Records.
(* Let $\phi$ be a positive, trace-preserving linear map on $\mathcal M(d;\mathbb C)$ whose space of fixed points $\eta_\phi=\{X:\phi(X)=X\}$ has dimension strictly greater than $1$. Then $\phi$ admits a semipositive fixed point, i.e. a nonzero $A\ge 0$ with $\det A=0$ and $\phi(A)=A$.
   Context: A linear map is positive if it maps positive semidefinite matrices to positive semidefinite matrices. Every positive trace-preserving map has a positive semidefinite fixed point of unit trace, and it maps Hermitian matrices to Hermitian matrices. *)

theory Defs
  imports "HOL-Analysis.Analysis"
begin

text \<open>Complex d x d matrices are modelled as complex^'n^'n with 'n a finite index type
  (d = CARD('n)). Complex scalar multiplication of matrices:\<close>

definition mscale :: "complex \<Rightarrow> complex^'n^'n \<Rightarrow> complex^'n^'n" where
  "mscale c X = (\<chi> i j. c * X $ i $ j)"

lemma vector_space_mscale: "vector_space mscale"
  by unfold_locales (simp_all add: mscale_def vec_eq_iff algebra_simps)

definition hermitian :: "complex^'n^'n \<Rightarrow> bool" where
  "hermitian A \<longleftrightarrow> (\<forall>i j. A $ i $ j = cnj (A $ j $ i))"

definition psd :: "complex^'n^'n \<Rightarrow> bool" where
  "psd A \<longleftrightarrow> hermitian A \<and>
     (\<forall>x :: complex^'n. 0 \<le> Re (\<Sum>i\<in>UNIV. \<Sum>j\<in>UNIV. cnj (x $ i) * A $ i $ j * x $ j))"

definition positive_map :: "(complex^'n^'n \<Rightarrow> complex^'n^'n) \<Rightarrow> bool" where
  "positive_map \<phi> \<longleftrightarrow> (\<forall>A. psd A \<longrightarrow> psd (\<phi> A))"

definition trace_preserving :: "(complex^'n^'n \<Rightarrow> complex^'n^'n) \<Rightarrow> bool" where
  "trace_preserving \<phi> \<longleftrightarrow> (\<forall>X. trace (\<phi> X) = trace X)"

end

theory Submission
  imports Defs
begin

text \<open>Brouwer's theorem on the compact convex set of density matrices gives a fixed density
  matrix \<open>\<rho>\<close>. A positive map preserves Hermitian matrices, so it fixes the Hermitian real and
  imaginary parts of each fixed point; as the fixed-point space is not spanned by \<open>\<rho>\<close>, it contains a
  nonzero traceless Hermitian \<open>G\<close>. The fixed matrices \<open>\<rho> - t G\<close> all have trace one, so by boundedness
  they leave the density matrices at a largest \<open>t\<close>. There \<open>\<rho> - t G\<close> is singular: a nonsingular
  positive semidefinite matrix is positive definite, and stays positive semidefinite under small
  Hermitian perturbations.\<close>

subsection \<open>Hermitian matrices and sesquilinear forms\<close>

definition sesq :: "complex^'n^'n \<Rightarrow> complex^'n \<Rightarrow> complex^'n \<Rightarrow> complex" where
  "sesq A x y = (\<Sum>i\<in>UNIV. \<Sum>j\<in>UNIV. cnj (x$i) * A$i$j * y$j)"

lemma psd_iff_sesq: "psd A \<longleftrightarrow> hermitian A \<and> (\<forall>x. 0 \<le> Re (sesq A x x))"
  by (simp add: psd_def sesq_def)

lemma scaleR_complex: "r *\<^sub>R (z::complex) = of_real r * z"
  by (rule scaleR_conv_of_real)

lemma hermitianI: "(\<And>i j. A$i$j = cnj (A$j$i)) \<Longrightarrow> hermitian A"
  unfolding hermitian_def by blast

lemma hermitian_cnj_entry: "hermitian A \<Longrightarrow> cnj (A$i$j) = A$j$i"
  unfolding hermitian_def by (metis complex_cnj_cnj)

lemma hermitian_diag_real: "hermitian A \<Longrightarrow> A$i$i \<in> \<real>"
  unfolding hermitian_def by (metis Reals_cnj_iff)

lemma hermitian_add: "hermitian A \<Longrightarrow> hermitian B \<Longrightarrow> hermitian (A + B)"
  by (intro hermitianI) (simp add: hermitian_cnj_entry)

lemma hermitian_diff: "hermitian A \<Longrightarrow> hermitian B \<Longrightarrow> hermitian (A - B)"
  by (intro hermitianI) (simp add: hermitian_cnj_entry)

lemma hermitian_scaleR: "hermitian A \<Longrightarrow> hermitian (r *\<^sub>R A)"
  by (intro hermitianI) (simp add: hermitian_cnj_entry scaleR_complex)

lemma hermitian_mat_of_real: "hermitian (mat (of_real r))"
  by (intro hermitianI) (simp add: mat_def)

lemma trace_hermitian_real: "hermitian A \<Longrightarrow> trace A \<in> \<real>"
  unfolding trace_def by (intro sum_in_Reals hermitian_diag_real)

lemma trace_scaleR: "trace (r *\<^sub>R (A::complex^'n^'n)) = of_real r * trace A"
  by (simp add: trace_def scaleR_complex sum_distrib_left)

lemma power2_norm_vec: "(norm (x::'a::real_normed_vector^'n))\<^sup>2 = (\<Sum>i\<in>UNIV. (norm (x$i))\<^sup>2)"
  by (simp add: norm_vec_def L2_set_def sum_nonneg)

lemma sum_cnj_mult_self: "(\<Sum>i\<in>UNIV. cnj (x$i) * x$i) = of_real ((norm (x::complex^'n))\<^sup>2)"
  unfolding power2_norm_vec of_real_sum
  by (rule sum.cong) (simp_all only: complex_norm_square mult.commute)

lemma sesq_add_left: "sesq A (x + y) z = sesq A x z + sesq A y z"
  by (simp add: sesq_def algebra_simps sum.distrib)

lemma sesq_add_right: "sesq A z (x + y) = sesq A z x + sesq A z y"
  by (simp add: sesq_def algebra_simps sum.distrib)

lemma sesq_scaleR_left: "sesq A (r *\<^sub>R x) z = of_real r * sesq A x z"
  by (simp add: sesq_def scaleR_complex algebra_simps sum_distrib_left)

lemma sesq_scaleR_right: "sesq A z (r *\<^sub>R x) = of_real r * sesq A z x"
  by (simp add: sesq_def scaleR_complex algebra_simps sum_distrib_left)

lemma sesq_add_matrix: "sesq (A + B) x y = sesq A x y + sesq B x y"
  by (simp add: sesq_def algebra_simps sum.distrib)

lemma sesq_diff_matrix: "sesq (A - B) x y = sesq A x y - sesq B x y"
  by (simp add: sesq_def algebra_simps sum_subtractf)

lemma sesq_scaleR_matrix: "sesq (r *\<^sub>R A) x y = of_real r * sesq A x y"
  by (simp add: sesq_def scaleR_complex algebra_simps sum_distrib_left)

Exercise goal.
The required output is the stretch of entries above from the line containing "(\<forall>x :: complex^'n." through the line containing "(\<forall>A. psd A", reproduced exactly.

Result for this task.
     (\<forall>x :: complex^'n. 0 \<le> Re (\<Sum>i\<in>UNIV. \<Sum>j\<in>UNIV. cnj (x $ i) * A $ i $ j * x $ j))"

definition positive_map :: "(complex^'n^'n \<Rightarrow> complex^'n^'n) \<Rightarrow> bool" where
  "positive_map \<phi> \<longleftrightarrow> (\<forall>A. psd A \<longrightarrow> psd (\<phi> A))"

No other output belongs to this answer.